Портрет художника в юности - Бахыт Кенжеев
Шрифт:
Интервал:
Закладка:
В голосе отца, произносившего все эти материалистические пошлости, звучала та же ирония, что и у Серафима Дмитриевича, и я взглянул недоверчиво. Что мог знать этот пожилой, сильно располневший за последние годы чиновник мелиоративного ведомства о тонкостях моей высокой науки, тем более - о том, что происходило на самом ее переднем крае? Чай заварился замечательно, и колбаса оказалась совсем свежей. Выпитая рюмочка аквавита продолжала шуметь у меня в голове, и я подумал, что хорошо бы подарить отцу выпрошенный мною на днях у доцента Пешкина запаянный алембик с жизненным эликсиром, благо мой профессор был прав, и достать его без знакомств в управлении Минздрава, ведавшем благополучием наших престарелых вождей, было решительно невозможно.
- Все значительно сложнее, - не без высокомерия сказал я. - Лично мне кажется, что принципиальная непознаваемость мира унизительна для человека.
- А что тебе еще лично кажется, философ?
- Мне кажется, что у моих научных руководителей ужасная неразбериха в голове, - сказал я. - И у Серафима Петровича, и у Михаила Юрьевича. И особенно у нашего чешского аспиранта. Они делают одно, а надеются на другое. И доцент Пешкин все время пытается мне внушить всякие идеалистические штуки.

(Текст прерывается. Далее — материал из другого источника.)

(* In the changepoint model of the context, for $0<i<n$, $$P(X_i\in\cdot\mid Y_{1:n}=y_{1:n})=P(X_{i+1}\in\cdot\mid Y_{1:n}=y_{1:n})-\sum_{\ell=i+1}^{n-1}H_{i+1,\ell}\,\tilde c_{i+1,\ell}\,\tilde q_{\ell+1}-H_{i+1,n}\,\tilde c_{i+1,n}+\sum_{\ell=0}^{i}H_{\ell i}\,\tilde c_{\ell i}\,\tilde q_{i+1}.$$
   Context: Model: Let $n\ge 1$ and fix observed data $y_1,\dots,y_n$. Let $(\mathbb X,\mathcal X)$, $(\mathbb Y,\mathcal Y)$ be standard Borel spaces, $\psi$ a $\sigma$-finite measure on $(\mathbb Y,\mathcal Y)$, $\mathcal J$ a probability measure on $(\mathbb X,\mathcal X)$, and $q_{ji}\in[0,1]$ for $0\le j<i\le n$. The model consists of random variables $C_i\in\{0,\dots,i\}$, $X_i\in\mathbb X$, $Y_i\in\mathbb Y$, $i=1,\dots,n$, with joint law factorizing as: $P(C_1=0)=q_{01}$, $P(C_1=1)=1-q_{01}$; for $i\ge2$, $C_i$ depends on the past only through $C_{i-1}$, with $P(C_i=j\mid C_{i-1}=j)=q_{ji}$ and $P(C_i=i\mid C_{i-1}=j)=1-q_{ji}$ ($0\le j\le i-1$); $X_1\sim\mathcal J$ independent of $C_1$; for $i\ge 2$, $X_i$ depends on the past only through $(C_i,X_{i-1})$, with $X_i\sim\mathcal J$ if $C_i=i$ and $X_i=X_{i-1}$ if $C_i<i$; $Y_i$ depends on all other variables only through $X_i$, with density $p(Y_i=y\mid X_i=x)$ w.r.t. $\psi$. Assume $\int\prod_{\ell=j}^i p(Y_\ell=y_\ell\mid X_\ell=x)\,\mathcal J(dx)>0$ for all $0<j\le i\le n$. $Y_{a:b}=y_{a:b}$ abbreviates $Y_a=y_a,\dots,Y_b=y_b$. Notation: $H_{ji}=P(X_i\in\cdot\mid C_i=j,Y_{1:i}=y_{1:i})$; $\tilde c_{ji}=P(C_i=j\mid C_{i+1}=i+1,Y_{1:i}=y_{1:i})$ for $0<i<n$, and $\tilde c_{jn}=P(C_n=j\mid Y_{1:n}=y_{1:n})$; $\tilde q_i=P(C_i=i\mid Y_{1:n}=y_{1:n})$. *)

theory Defs
  imports "HOL-Probability.Probability"
begin

text \<open>Paths of the changepoint indicator C_1..C_k are
  extensional functions on {1..k} with C_i in {0..i}.  The parameters
  (J, q, p, y) are: the prior/innovation law J of X, the persistence
  probabilities q j i, the observation density p x y (density of Y_l at y
  given X_l = x w.r.t. psi), and the fixed observed data y.\<close>

definition cp_paths :: "nat \<Rightarrow> (nat \<Rightarrow> nat) set" where
  "cp_paths k = PiE {1..k} (\<lambda>i. {0..i})"
lemma admissible_pairs_bounded_of_small_deviation:
  fixes A :: "real^'n::finite^'n" and B :: "real^'m::finite^'n" and E :: "real^'w::finite^'n"
  assumes adm: "admissible_pair A B E d U x0 T x u"
    and adm_b: "admissible_pair A B E d U (xb 0) T xb ub"
    and LA: "LA \<ge> 0" "\<forall>v. norm (A *v v) \<le> norm v * LA"
    and LB: "LB \<ge> 0" "\<forall>v. norm (B *v v) \<le> norm v * LB"
    and MU: "MU \<ge> 0" "\<forall>v\<in>U. norm v \<le> MU"
    and N: "N \<ge> 0" "emeasure lebesgue (deviation_set x u xb ub T) \<le> ennreal N"
    and x0: "norm x0 \<le> M0" and xb: "\<forall>\<tau>\<in>{0..T}. norm (xb \<tau>) \<le> Mz"
    and t: "t \<in> {0..T}"
  shows "norm (x t) \<le> 2 ^ nat \<lceil>N * (2 * LA + 2)\<rceil> * (M0 + Mz + 2 * MU * LB) + Mz"
    and "norm (u t) \<le> MU"
proof -
  have u_U: "u \<tau> \<in> U" "ub \<tau> \<in> U" if "\<tau> \<in> {0..T}" for \<tau>
    using adm adm_b that unfolding admissible_pair_def by auto
  have B_bound: "\<forall>\<tau>\<in>{0..T}. norm (B *v (u \<tau> - ub \<tau>)) \<le> 2 * MU * LB"
  proof
    fix \<tau>
    assume "\<tau> \<in> {0..T}"
    then have "norm (u \<tau>) \<le> MU" "norm (ub \<tau>) \<le> MU"
      using u_U MU(2) by auto
    then have "norm (u \<tau> - ub \<tau>) \<le> 2 * MU"
      using norm_triangle_ineq4[of "u \<tau>" "ub \<tau>"] by linarith
    then show "norm (B *v (u \<tau> - ub \<tau>)) \<le> 2 * MU * LB"
      using order_trans[OF LB(2)[rule_format] mult_right_mono[OF _ LB(1)]] by blast
  qed
  have "norm (xb 0) \<le> Mz"
    using xb t by auto
  then have init: "norm (x0 - xb 0) \<le> M0 + Mz"
    using x0 norm_triangle_ineq4[of x0 "xb 0"] by linarith
  have "norm (x t - xb t) \<le> 2 ^ nat \<lceil>N * (2 * LA + 2)\<rceil> * (M0 + Mz + 2 * MU * LB)"
    using admissible_pairs_state_deviation_bound[OF adm adm_b LA(2) LA(1) B_bound _ N init t]
      MU(1) LB(1) by simp
  then show "norm (x t) \<le> 2 ^ nat \<lceil>N * (2 * LA + 2)\<rceil> * (M0 + Mz + 2 * MU * LB) + Mz"
    using xb t norm_triangle_sub[of "x t" "xb t"] by fastforce
  show "norm (u t) \<le> MU"
    using u_U(1)[OF t] MU(2) by blast
qed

- Только не говори об этом никому, - сказал отец серьезно.
- Я не доносчик, - возмутился я. - Мне просто жалко, что у них такой туман в голове. Казалось бы, умные люди, а сегодня пытались меня убедить в достоверности этой знаменитой подделки, так называемой Туринской плащаницы. Хотя ясно, что вся история не выдерживает никакой научной критики. Знаешь, что он мне в конце концов сказал? Что даже если плащаница оказалась бы подделкой, это не сбило бы с толку настоящего верующего.
- Разумеется, - сказал отец. - Блаженны не видевшие, и уверовавшие.
- Ты, папа, для члена правящей партии слишком много читаешь религиозных сказок, - сказал я с большим раздражением, ибо не далее как полтора часа назад слышал ту же самую фразу от доцента Пешкина. - Всем известно, сколько в в Библии противоречий и логических неувязок.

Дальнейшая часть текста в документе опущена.